Task objective:
Tally how many lines of these entries hold the string "UNIV". Return the number alone.
____ Records for the task
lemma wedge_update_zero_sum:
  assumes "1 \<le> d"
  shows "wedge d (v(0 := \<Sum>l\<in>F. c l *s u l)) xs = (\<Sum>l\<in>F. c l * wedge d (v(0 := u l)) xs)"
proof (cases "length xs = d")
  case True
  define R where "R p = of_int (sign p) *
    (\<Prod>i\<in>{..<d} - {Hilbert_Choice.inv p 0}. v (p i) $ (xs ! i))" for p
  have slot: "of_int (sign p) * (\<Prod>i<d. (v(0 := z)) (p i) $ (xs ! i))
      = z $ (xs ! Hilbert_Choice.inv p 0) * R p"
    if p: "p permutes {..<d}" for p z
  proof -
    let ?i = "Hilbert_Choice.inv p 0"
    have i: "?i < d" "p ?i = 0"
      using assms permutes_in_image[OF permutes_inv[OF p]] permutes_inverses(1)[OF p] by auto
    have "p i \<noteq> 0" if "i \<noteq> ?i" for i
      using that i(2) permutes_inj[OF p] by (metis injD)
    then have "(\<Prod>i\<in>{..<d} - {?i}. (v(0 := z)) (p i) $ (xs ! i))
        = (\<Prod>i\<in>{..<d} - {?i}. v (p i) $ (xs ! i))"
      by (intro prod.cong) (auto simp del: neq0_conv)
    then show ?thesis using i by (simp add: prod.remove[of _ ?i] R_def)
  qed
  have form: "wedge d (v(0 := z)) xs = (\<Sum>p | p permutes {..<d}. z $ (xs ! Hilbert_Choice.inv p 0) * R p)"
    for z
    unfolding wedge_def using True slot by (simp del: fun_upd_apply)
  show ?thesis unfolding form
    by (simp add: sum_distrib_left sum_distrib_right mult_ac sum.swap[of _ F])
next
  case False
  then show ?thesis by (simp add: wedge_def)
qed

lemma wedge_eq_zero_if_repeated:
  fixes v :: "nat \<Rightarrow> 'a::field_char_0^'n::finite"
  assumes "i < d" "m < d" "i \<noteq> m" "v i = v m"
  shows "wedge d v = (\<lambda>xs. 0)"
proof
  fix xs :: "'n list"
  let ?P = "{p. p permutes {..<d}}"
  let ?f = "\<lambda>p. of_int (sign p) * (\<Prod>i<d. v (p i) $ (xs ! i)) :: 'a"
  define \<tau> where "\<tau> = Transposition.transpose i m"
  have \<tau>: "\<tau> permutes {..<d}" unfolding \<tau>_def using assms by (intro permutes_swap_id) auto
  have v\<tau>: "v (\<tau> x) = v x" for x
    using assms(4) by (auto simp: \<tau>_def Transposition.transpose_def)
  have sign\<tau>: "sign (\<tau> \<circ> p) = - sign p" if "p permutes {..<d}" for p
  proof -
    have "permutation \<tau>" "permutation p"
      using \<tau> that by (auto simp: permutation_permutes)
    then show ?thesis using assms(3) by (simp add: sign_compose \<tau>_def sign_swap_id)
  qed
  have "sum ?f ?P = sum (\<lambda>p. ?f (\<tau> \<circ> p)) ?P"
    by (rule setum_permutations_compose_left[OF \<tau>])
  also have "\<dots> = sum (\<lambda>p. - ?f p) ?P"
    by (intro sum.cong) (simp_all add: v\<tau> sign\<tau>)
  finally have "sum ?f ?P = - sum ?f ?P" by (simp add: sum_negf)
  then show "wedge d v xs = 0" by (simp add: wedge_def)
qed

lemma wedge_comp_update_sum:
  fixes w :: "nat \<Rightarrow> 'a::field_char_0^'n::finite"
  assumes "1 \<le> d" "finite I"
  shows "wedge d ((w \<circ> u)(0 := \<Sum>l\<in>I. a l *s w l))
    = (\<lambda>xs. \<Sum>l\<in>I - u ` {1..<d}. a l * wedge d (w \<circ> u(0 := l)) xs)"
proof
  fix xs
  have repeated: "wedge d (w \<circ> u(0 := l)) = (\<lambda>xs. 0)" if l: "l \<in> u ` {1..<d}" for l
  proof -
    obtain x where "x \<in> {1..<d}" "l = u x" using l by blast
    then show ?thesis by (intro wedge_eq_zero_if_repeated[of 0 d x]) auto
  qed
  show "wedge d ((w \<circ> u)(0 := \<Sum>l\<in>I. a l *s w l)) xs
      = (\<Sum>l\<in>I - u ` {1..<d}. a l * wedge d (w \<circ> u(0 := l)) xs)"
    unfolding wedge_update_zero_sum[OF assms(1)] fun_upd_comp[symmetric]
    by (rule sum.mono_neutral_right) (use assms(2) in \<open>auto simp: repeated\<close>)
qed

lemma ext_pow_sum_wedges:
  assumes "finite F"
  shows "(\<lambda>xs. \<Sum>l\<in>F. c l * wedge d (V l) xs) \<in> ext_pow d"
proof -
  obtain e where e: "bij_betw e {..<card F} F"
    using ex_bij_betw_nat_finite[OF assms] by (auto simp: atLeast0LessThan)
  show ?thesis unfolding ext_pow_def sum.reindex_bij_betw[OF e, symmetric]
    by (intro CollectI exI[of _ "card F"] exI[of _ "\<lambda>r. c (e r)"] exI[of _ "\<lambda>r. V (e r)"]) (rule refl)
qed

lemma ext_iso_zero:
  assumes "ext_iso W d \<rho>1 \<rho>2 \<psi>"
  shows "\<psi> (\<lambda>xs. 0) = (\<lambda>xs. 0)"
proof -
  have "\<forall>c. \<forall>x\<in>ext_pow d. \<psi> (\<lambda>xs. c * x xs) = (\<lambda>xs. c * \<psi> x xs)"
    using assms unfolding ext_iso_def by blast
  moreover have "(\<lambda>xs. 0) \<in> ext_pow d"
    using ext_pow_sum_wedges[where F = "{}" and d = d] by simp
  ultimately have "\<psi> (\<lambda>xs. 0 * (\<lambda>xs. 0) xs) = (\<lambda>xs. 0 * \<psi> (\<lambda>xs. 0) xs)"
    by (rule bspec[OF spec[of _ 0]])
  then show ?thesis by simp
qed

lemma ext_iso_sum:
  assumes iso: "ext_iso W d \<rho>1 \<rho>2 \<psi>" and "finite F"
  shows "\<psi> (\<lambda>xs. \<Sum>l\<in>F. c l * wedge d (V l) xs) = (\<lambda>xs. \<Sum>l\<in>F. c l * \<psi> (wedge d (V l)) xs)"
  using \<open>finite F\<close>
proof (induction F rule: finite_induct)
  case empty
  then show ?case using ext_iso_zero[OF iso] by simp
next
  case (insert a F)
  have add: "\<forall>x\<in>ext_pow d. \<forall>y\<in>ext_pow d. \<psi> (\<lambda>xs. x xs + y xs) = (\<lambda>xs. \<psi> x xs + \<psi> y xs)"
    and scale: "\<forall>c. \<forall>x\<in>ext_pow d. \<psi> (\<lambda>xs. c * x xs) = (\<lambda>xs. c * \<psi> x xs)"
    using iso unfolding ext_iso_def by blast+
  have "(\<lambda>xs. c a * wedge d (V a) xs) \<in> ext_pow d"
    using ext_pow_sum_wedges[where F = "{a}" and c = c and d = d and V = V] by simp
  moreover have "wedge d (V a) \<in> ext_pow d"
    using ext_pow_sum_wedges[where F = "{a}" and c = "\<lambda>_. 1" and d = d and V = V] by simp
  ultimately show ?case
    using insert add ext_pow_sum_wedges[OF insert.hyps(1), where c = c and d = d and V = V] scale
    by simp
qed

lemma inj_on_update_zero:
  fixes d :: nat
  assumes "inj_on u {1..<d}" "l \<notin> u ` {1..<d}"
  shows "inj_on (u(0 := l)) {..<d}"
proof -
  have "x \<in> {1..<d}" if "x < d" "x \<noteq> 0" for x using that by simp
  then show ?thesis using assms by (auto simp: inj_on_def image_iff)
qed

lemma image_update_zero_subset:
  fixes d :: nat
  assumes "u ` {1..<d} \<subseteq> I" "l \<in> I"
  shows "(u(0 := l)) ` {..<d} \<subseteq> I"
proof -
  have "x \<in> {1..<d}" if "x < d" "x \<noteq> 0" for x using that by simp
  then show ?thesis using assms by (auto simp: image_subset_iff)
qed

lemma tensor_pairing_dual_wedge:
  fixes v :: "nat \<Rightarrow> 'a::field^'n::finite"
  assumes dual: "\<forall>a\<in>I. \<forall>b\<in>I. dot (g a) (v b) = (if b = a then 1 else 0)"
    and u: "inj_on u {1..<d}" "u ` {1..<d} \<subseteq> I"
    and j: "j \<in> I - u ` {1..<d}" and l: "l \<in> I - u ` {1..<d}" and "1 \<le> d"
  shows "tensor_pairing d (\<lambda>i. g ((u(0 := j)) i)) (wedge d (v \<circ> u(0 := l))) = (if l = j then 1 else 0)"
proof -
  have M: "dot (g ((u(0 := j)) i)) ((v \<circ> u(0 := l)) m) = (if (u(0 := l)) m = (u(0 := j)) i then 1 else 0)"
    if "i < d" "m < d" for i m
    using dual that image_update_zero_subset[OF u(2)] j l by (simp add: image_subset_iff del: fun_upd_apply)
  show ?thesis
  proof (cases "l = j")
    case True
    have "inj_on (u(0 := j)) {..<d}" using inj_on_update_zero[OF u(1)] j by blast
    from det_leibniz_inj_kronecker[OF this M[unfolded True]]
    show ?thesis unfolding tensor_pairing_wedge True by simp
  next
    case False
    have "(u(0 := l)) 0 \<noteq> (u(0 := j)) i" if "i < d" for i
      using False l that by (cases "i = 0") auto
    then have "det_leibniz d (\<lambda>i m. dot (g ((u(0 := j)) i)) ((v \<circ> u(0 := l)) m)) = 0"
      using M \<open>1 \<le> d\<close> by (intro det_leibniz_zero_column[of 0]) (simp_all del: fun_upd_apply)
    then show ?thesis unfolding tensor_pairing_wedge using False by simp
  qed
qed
________
____ Records for the task
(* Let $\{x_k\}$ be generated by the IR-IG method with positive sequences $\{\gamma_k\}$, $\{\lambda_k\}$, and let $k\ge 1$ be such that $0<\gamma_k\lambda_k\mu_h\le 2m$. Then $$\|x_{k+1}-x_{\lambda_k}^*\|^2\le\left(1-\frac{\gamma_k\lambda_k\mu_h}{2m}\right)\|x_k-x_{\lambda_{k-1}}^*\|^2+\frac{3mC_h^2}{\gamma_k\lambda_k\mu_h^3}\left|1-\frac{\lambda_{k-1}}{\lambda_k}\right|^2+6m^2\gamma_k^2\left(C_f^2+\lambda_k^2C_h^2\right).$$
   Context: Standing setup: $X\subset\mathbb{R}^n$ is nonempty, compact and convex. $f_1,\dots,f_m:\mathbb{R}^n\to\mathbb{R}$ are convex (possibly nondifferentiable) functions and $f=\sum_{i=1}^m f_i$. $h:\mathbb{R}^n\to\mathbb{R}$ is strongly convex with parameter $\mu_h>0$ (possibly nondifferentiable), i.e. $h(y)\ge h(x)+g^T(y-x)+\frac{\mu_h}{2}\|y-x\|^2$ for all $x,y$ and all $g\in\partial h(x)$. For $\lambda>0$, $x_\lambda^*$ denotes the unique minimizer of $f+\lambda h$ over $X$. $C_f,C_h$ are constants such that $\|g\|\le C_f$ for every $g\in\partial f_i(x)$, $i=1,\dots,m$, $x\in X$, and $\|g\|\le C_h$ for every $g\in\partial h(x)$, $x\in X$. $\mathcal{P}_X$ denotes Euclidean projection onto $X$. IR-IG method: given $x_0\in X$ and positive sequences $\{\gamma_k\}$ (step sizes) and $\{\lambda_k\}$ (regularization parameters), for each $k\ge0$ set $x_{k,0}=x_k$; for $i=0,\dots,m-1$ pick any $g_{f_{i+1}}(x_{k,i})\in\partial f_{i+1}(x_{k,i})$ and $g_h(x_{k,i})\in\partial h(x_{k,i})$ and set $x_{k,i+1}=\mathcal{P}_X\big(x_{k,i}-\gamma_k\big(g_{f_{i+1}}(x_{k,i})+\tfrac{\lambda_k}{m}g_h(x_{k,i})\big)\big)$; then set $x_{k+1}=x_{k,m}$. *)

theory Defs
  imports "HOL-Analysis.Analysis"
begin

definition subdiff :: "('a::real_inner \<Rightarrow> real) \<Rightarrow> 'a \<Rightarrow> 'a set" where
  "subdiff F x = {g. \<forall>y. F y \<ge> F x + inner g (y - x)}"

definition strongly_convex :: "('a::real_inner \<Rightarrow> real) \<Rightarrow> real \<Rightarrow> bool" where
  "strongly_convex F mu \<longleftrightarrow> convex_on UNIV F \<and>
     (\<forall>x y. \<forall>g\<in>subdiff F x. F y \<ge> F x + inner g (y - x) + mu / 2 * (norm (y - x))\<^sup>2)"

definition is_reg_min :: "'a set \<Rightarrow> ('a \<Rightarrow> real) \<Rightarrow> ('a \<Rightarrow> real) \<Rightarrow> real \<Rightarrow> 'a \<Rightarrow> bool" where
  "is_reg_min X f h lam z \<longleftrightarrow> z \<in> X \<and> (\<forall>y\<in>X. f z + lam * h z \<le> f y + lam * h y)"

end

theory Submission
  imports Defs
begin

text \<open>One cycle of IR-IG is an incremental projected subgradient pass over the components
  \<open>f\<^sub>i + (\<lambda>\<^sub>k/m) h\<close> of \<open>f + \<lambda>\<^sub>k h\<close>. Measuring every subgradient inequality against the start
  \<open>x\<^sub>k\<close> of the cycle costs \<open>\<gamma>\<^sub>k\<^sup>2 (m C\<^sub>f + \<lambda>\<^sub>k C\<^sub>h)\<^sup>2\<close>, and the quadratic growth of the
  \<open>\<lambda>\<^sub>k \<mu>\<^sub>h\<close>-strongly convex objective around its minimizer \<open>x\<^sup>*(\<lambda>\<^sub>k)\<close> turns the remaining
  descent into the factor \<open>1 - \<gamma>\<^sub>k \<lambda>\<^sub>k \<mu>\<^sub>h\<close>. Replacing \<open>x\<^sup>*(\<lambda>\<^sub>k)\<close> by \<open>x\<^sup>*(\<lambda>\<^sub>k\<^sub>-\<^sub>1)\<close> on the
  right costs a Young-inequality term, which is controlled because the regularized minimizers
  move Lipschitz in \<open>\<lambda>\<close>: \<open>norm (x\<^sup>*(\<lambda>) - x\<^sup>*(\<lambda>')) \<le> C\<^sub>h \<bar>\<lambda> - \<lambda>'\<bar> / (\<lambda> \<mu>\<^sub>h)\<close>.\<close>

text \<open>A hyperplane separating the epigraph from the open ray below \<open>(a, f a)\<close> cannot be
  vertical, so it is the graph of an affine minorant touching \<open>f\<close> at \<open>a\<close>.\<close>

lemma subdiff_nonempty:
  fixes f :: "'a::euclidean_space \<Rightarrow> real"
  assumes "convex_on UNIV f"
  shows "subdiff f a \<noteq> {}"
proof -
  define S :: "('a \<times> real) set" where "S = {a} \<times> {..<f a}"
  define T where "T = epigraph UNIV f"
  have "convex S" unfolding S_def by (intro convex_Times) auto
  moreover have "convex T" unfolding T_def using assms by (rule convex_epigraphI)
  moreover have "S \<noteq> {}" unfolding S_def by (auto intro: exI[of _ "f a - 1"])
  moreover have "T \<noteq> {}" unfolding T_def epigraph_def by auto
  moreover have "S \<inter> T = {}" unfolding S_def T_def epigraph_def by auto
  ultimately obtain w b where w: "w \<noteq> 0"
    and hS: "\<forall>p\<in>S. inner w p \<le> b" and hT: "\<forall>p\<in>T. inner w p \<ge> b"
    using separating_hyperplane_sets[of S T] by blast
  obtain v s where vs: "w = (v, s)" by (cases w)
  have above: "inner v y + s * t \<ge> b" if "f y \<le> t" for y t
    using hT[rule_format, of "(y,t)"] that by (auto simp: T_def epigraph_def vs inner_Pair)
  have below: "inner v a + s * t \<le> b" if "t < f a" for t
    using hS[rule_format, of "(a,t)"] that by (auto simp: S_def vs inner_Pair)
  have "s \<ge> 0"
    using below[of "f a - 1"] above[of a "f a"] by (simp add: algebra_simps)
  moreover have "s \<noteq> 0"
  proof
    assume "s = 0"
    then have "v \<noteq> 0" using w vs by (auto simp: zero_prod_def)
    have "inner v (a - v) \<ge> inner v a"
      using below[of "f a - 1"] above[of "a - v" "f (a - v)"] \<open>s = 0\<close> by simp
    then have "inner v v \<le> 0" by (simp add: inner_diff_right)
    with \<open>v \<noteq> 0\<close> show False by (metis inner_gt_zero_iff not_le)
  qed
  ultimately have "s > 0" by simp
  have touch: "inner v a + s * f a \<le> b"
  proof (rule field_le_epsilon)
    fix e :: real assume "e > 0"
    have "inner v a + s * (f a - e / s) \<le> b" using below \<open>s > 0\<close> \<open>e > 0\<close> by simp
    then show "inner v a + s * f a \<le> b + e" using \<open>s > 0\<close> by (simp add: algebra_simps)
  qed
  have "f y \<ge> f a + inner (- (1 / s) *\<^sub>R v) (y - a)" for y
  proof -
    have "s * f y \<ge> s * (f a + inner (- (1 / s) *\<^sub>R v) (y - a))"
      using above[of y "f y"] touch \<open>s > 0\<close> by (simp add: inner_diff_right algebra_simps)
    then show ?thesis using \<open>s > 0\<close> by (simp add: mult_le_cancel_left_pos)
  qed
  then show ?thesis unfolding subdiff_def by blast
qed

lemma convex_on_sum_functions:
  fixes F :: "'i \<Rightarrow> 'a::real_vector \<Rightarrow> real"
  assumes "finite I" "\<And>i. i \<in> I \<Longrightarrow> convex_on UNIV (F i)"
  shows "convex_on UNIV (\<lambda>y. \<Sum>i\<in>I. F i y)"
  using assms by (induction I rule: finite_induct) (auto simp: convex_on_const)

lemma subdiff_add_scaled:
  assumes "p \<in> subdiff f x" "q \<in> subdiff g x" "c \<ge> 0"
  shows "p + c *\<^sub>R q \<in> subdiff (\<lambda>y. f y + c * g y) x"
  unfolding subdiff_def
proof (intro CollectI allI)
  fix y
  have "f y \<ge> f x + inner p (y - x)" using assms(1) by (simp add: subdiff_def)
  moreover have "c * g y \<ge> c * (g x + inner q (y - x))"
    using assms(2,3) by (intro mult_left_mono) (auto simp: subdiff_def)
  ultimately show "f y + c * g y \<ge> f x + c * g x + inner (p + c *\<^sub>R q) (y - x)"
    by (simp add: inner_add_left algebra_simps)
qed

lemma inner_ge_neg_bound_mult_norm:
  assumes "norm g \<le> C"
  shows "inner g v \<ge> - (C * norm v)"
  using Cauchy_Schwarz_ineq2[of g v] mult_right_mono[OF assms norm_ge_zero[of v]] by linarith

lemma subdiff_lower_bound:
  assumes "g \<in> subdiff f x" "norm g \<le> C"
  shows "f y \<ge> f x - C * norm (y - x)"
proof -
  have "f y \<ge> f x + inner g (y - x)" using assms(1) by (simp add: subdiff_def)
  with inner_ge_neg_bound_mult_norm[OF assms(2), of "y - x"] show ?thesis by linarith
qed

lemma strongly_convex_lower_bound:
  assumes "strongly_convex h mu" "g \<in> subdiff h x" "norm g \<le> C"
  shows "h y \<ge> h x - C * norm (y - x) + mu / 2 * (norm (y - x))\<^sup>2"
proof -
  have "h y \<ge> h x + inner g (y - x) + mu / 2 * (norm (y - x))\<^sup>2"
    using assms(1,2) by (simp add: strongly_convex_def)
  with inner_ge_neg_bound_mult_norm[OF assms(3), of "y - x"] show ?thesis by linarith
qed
________
Expected answer:
5